* This week I struggled with the beginning of the junior novel. On the train I wrote opening lines, scenes, dialogue. They clunked, or were brittle. The words didn't go together. Nothing worked.
Eventually, demoralised by my scrappy notes, I stopped struggling. And then, as you might guess, it came. A beginning. Maybe not the beginning, but a beginning I can work with. For me, having a workable beginning is like a composer deciding on a key signature. If you pick the wrong one, it's never going to sound right. Like using a minor scale to write a happy song.
* I did two whole-day workshops this week with the Youth Literature Days run by the fabulous Fremantle Children's Literature Centre. I love doing these workshops, although somehow discussion of the battles of writing doesn't come about - maybe because for most of these kids, they're so full of words, images and snap, crackle and pop that struggle is a way off. But the students did great work, concentrated work. I so wish they'd had programs like this when I was 14, 15. 16 - the luxury of guided writing, the value of hearing what your peers have done, knowing there are others like you out there.
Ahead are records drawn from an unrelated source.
(* Let $T$ be a tree and let $v\in V(T)$. Then there exists a constant $C=C(T)$ with the following property. Let $H$ be a bipartite graph with parts $X$ and $Y$ such that $d(y)\ge C|X|^{1/2}$ for every $y\in Y$, and such that the number of triples $(y,x_1,x_2)\in Y\times X\times X$ of distinct vertices with $yx_1,yx_2\in E(H)$ is more than $C|X|^2$. Then $H$ contains a copy of $T[2]$ in which the two vertices corresponding to $v$ are embedded in $X$.
   Context: For a graph $F$, the $2$-blowup $F[2]$ is obtained by replacing each vertex $u$ of $F$ by an independent set of two vertices (the two images of $u$) and each edge by a copy of $K_{2,2}$ between the corresponding sets. $d(y)$ denotes the degree of $y$ in $H$. *)

theory Defs
  imports Complex_Main
begin

definition simple_graph :: "'a set \<Rightarrow> 'a set set \<Rightarrow> bool" where
  "simple_graph V E \<longleftrightarrow> finite V \<and>
     (\<forall>e\<in>E. \<exists>u w. u \<noteq> w \<and> u \<in> V \<and> w \<in> V \<and> e = {u, w})"

definition adj :: "'a set set \<Rightarrow> 'a \<Rightarrow> 'a \<Rightarrow> bool" where
  "adj E u w \<longleftrightarrow> {u, w} \<in> E"

definition connected_graph :: "'a set \<Rightarrow> 'a set set \<Rightarrow> bool" where
  "connected_graph V E \<longleftrightarrow>
     (\<forall>u\<in>V. \<forall>w\<in>V. (u, w) \<in> {(a, b). adj E a b}\<^sup>*)"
* At the end of the last Youth Literature Day, a girl came up to me. She told me about her friend, who had had a terrible home life, had really struggled with some serious, serious problems. 'Your book Skating the Edge was the only thing that stopped her from killing herself,' she said. 'My friend just wanted you to know.'
* My old touring buddy Bill Condon was one of the winners of the Premier's Literary Awards (on which subject, you really must read this). Really and honestly, it couldn't have happened to a nicer bloke. Bill is one of those people who has just been getting on with writing gritty, real, funny books for teenagers without fanfare. Excellent stuff all round.